# Ive Been Bad again



## michael t (Jan 26, 2006)

Last week I spent a bunch on my 1800's Colt Coach gun . That was it!!!! No more guns for rest of month. Well almost no more. I laid away a 1911A1 in excellant shape. Its a WWII Remington Rand. USGI. You see my Colt USGI needed another vet to chat with. These newer pistols just don't understand the older vets. You got to look out for a vet.


----------



## Baldy (Jun 21, 2006)

Good for you Michael T. I would love to get my hands on a old army .45, but they are out of my league. A Rand that's great. Good luck with them.


----------



## Revolver (Aug 26, 2006)

Outstanding. Can we see the shotgun or M1911A1?


----------



## michael t (Jan 26, 2006)

Soon as I stop buying all these guns and get a cam. Sorry these deals are just falling in my lap. The Rem is 1943 It appears all orginal no rebuild stamp. Its like new. Mag has a G on top or floor plate. I found this is factory mag for RR made by General Shaver (remington co.) during war.
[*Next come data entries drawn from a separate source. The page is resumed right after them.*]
(* For all integers $m\ge1$ and $r\ge0$: (i) for all $n,k\ge0$, $w_{m,r}(n+1,k+1)=\sum_{j\ge0}\frac{n+1}{k+1}\binom{k+j}{j}\mathcal B_j\,m^j\,w_{m,r}(n,k+j)$ (a finite sum since $w_{m,r}(n,i)=0$ for $i>n$); (ii) for all $n\ge1$ and $1\le k\le n$, $$w_{m,r}(n,k)+r\sum_{l=0}^{n-1}\binom{n-1}{l}(n-l-1)!\,w_{m,r}(l,k)(-m)^{n-l-1}=\sum_{l=k}^n\binom{n-1}{l-1}(-m)^{n-l}(n-l)!\,w_{m,r}(l-1,k-1);$$ (iii) for all $n\ge1$ and $1\le k\le n$, $k\,w_{m,r}(n,k)=\sum_{l=k}^n\binom{n}{l-1}(-m)^{n-l}(n-l)!\,w_{m,r}(l-1,k-1)$.
   Context: For integers $m\ge1$, $n,k,r\ge0$, the $r$-Whitney numbers of the first kind $w_{m,r}(n,k)$ are defined by $\sum_{n\ge k}w_{m,r}(n,k)\frac{z^n}{n!}=(1+mz)^{-r/m}\frac{\ln^k(1+mz)}{m^kk!}$ (and $w_{m,r}(n,k)=0$ for $k>n$). The Bernoulli numbers $\mathcal B_n$ are defined by $\frac{t}{e^t-1}=\sum_{n\ge0}\mathcal B_n\frac{t^n}{n!}$. *)

theory Defs
  imports "HOL-Computational_Algebra.Formal_Power_Series"
begin

definition whitney1_egf :: "nat \<Rightarrow> nat \<Rightarrow> nat \<Rightarrow> real fps" where
  "whitney1_egf m r k =
     (fps_binomial (- real r / real m) oo (fps_const (real m) * fps_X))
     * ((fps_ln 1 oo (fps_const (real m) * fps_X)) ^ k)
     * fps_const (1 / (real m ^ k * fact k))"

definition whitney1 :: "nat \<Rightarrow> nat \<Rightarrow> nat \<Rightarrow> nat \<Rightarrow> real" where
  "whitney1 m r n k = fact n * fps_nth (whitney1_egf m r k) n"

definition bernoulli_num :: "nat \<Rightarrow> real" where
  "bernoulli_num n = fact n * fps_nth (fps_X / (fps_exp 1 - 1)) n"

end

theory Submission
  imports Defs
begin

text \<open>
  Write L = ln(1 + c z) and F_k = (1 + c z)^a L^k / (c^k k!), so that w_{m,r}(n,k) = n! [z^n] F_k
  for c = m, a = -r/m; every product L^j F_k is a constant multiple of F_{k+j}.
  (i) Since B(t) (e^t - 1) = t for the Bernoulli series B and e^L - 1 = c z, we have L = c z B(L);
  expanding L F_k = c z B(L) F_k in powers of L gives the recurrence.
  (ii) F_k satisfies (1 + c z) F_k' = c a F_k + F_{k-1}; dividing by 1 + c z turns the coefficients
  of the right-hand side into convolutions with the geometric series (-c)^n.
  (iii) Compare coefficients in c k F_k = L F_{k-1}, using [z^n] L = c^n (-1)^(n-1) / n.
\<close>

unbundle fps_syntax

definition fps_ln_scaled :: "'a::field_char_0 \<Rightarrow> 'a fps" where
  "fps_ln_scaled c = fps_ln 1 oo (fps_const c * fps_X)"

definition fps_binomial_scaled :: "'a::field_char_0 \<Rightarrow> 'a \<Rightarrow> 'a fps" where
  "fps_binomial_scaled a c = fps_binomial a oo (fps_const c * fps_X)"

definition fps_geometric :: "'a::comm_ring_1 \<Rightarrow> 'a fps" where
  "fps_geometric c = Abs_fps (\<lambda>n. (- c) ^ n)"

definition bernoulli_fps :: "'a::field_char_0 fps" where
  "bernoulli_fps = fps_X / (fps_exp 1 - 1)"

definition whitney_egf :: "'a::field_char_0 \<Rightarrow> 'a \<Rightarrow> nat \<Rightarrow> 'a fps" where
  "whitney_egf c a k =
     fps_binomial_scaled a c * fps_ln_scaled c ^ k * fps_const (1 / (c ^ k * fact k))"

definition whitney :: "'a::field_char_0 \<Rightarrow> 'a \<Rightarrow> nat \<Rightarrow> nat \<Rightarrow> 'a" where
  "whitney c a n k = fact n * whitney_egf c a k $ n"

lemma fact_eq_binomial_mult_fact:
  "i \<le> n \<Longrightarrow>
     (fact n :: 'a::{comm_semiring_1,semiring_char_0}) = of_nat (n choose i) * fact i * fact (n - i)"
  using arg_cong [OF binomial_fact_lemma [symmetric], of i n "of_nat :: nat \<Rightarrow> 'a"]
  by (simp add: ac_simps)

lemma fps_compose_mult_nth:
  fixes f b g :: "'a::comm_ring_1 fps"
  assumes "b $ 0 = 0"
  shows "((f oo b) * g) $ n = (\<Sum>j\<le>n. f $ j * (b ^ j * g) $ n)"
proof -
  have "((f oo b) * g) $ n = (\<Sum>i=0..n. \<Sum>j=0..i. f $ j * b ^ j $ i * g $ (n - i))"
    by (simp add: fps_mult_nth fps_compose_nth sum_distrib_right)
  also have "\<dots> = (\<Sum>i=0..n. \<Sum>j=0..n. f $ j * b ^ j $ i * g $ (n - i))"
    using startsby_zero_power_prefix [OF assms]
    by (intro sum.cong refl sum.mono_neutral_left) auto
  also have "\<dots> = (\<Sum>j\<le>n. f $ j * (b ^ j * g) $ n)"
    by (subst sum.swap) (simp add: fps_mult_nth sum_distrib_left mult.assoc atLeast0AtMost)
  finally show ?thesis .
qed

lemma fps_ln_scaled_nth: "fps_ln_scaled c $ n = c ^ n * fps_ln 1 $ n"
  by (simp add: fps_ln_scaled_def fps_compose_linear)

lemma fps_ln_scaled_nth_0 [simp]: "fps_ln_scaled c $ 0 = 0"
  by (simp add: fps_ln_scaled_nth)

lemma fps_binomial_scaled_nth: "fps_binomial_scaled a c $ n = c ^ n * (a gchoose n)"
  by (simp add: fps_binomial_scaled_def fps_compose_linear)

lemma fps_geometric_inverse: "(1 + fps_const c * fps_X) * fps_geometric c = 1"
proof (rule fps_ext)
  show "((1 + fps_const c * fps_X) * fps_geometric c) $ n = 1 $ n" for n
    by (cases n) (simp_all add: fps_geometric_def distrib_right mult.assoc)
qed

lemma fps_deriv_ln_scaled: "fps_deriv (fps_ln_scaled c) = fps_const c * fps_geometric c"
proof (rule fps_ext)
  show "fps_deriv (fps_ln_scaled c) $ n = (fps_const c * fps_geometric c) $ n" for n
    by (simp add: fps_ln_scaled_nth fps_ln_nth fps_geometric_def power_minus' del: of_nat_Suc)
qed

lemma fps_binomial_scaled_ode:
  "(1 + fps_const c * fps_X) * fps_deriv (fps_binomial_scaled a c)
     = fps_const (c * a) * fps_binomial_scaled a c"
proof (rule fps_ext)
  fix n
  have "((1 + fps_const c * fps_X) * fps_deriv (fps_binomial_scaled a c)) $ n
      = c ^ Suc n * (of_nat n * (a gchoose n) + of_nat (Suc n) * (a gchoose Suc n))"
    by (cases n) (simp_all add: fps_binomial_scaled_nth distrib_right algebra_simps del: of_nat_Suc)
  also have "\<dots> = (c * a) * (c ^ n * (a gchoose n))"
    by (simp only: gbinomial_mult_1 [symmetric] power_Suc mult_ac)
  also have "\<dots> = (fps_const (c * a) * fps_binomial_scaled a c) $ n"
    by (simp add: fps_binomial_scaled_nth)
  finally show "((1 + fps_const c * fps_X) * fps_deriv (fps_binomial_scaled a c)) $ n
      = (fps_const (c * a) * fps_binomial_scaled a c) $ n" .
qed

lemma bernoulli_fps_compose_ln_scaled:
  "(bernoulli_fps oo fps_ln_scaled c) * (fps_const c * fps_X) = fps_ln_scaled (c :: 'a::field_char_0)"
proof -
  have "bernoulli_fps * (fps_exp 1 - 1) = (fps_X :: 'a fps)"
    unfolding bernoulli_fps_def by (simp add: fps_dvd_iff subdegree_leI)
  moreover have "(fps_exp 1 - 1) oo fps_ln_scaled c = fps_const c * fps_X"
  proof -
    have "(fps_exp 1 - 1) oo fps_ln_scaled c = ((fps_exp 1 - 1) oo fps_ln 1) oo (fps_const c * fps_X)"
      unfolding fps_ln_scaled_def by (rule fps_compose_assoc) auto
    also have "(fps_exp 1 - 1) oo fps_ln 1 = (fps_X :: 'a fps)"
      by (simp add: fps_ln_fps_exp_inv fps_inv_right)
    finally show ?thesis by simp
  qed
  ultimately show ?thesis
    using fps_compose_mult_distrib [of "fps_ln_scaled c" bernoulli_fps "fps_exp 1 - 1"] by simp
qed

lemma whitney_egf_nth_below: "j < k \<Longrightarrow> whitney_egf c a k $ j = 0"
  unfolding whitney_egf_def fps_mult_nth
  by (intro sum.neutral) (auto simp: startsby_zero_power_prefix)

lemma whitney_below: "n < k \<Longrightarrow> whitney c a n k = 0"
  by (simp add: whitney_def whitney_egf_nth_below)

lemma fps_ln_scaled_power_mult_whitney_egf:
  assumes "c \<noteq> 0"
  shows "fps_ln_scaled c ^ j * whitney_egf c a k
           = fps_const (c ^ j * fact (k + j) / fact k) * whitney_egf c a (k + j)"
proof -
  have "fps_const (c ^ j * fact (k + j) / fact k) * whitney_egf c a (k + j)
      = fps_const (c ^ j * fact (k + j) / fact k * (1 / (c ^ (k + j) * fact (k + j))))
        * (fps_binomial_scaled a c * fps_ln_scaled c ^ k * fps_ln_scaled c ^ j)"
    by (simp add: whitney_egf_def ac_simps power_add)
  also have "c ^ j * fact (k + j) / fact k * (1 / (c ^ (k + j) * fact (k + j))) = 1 / (c ^ k * fact k)"
    using assms by (simp add: field_simps power_add)
  finally show ?thesis
    by (simp only: whitney_egf_def mult_ac)
qed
This pistol from a estate sale and owner was suppose to have came back from war with it. In my 13 years in Army I carried a 45 most of that time and was never issued a 45 as nice as this.


----------



## Mystro (May 13, 2006)

Hey Michael!
We're still waiting to see the coach gun!:mrgreen:


----------



## tony pasley (May 6, 2006)

You need to remember that those old vets need hang out with others from thier war then get togather with vets from other wars just to compare notes.


----------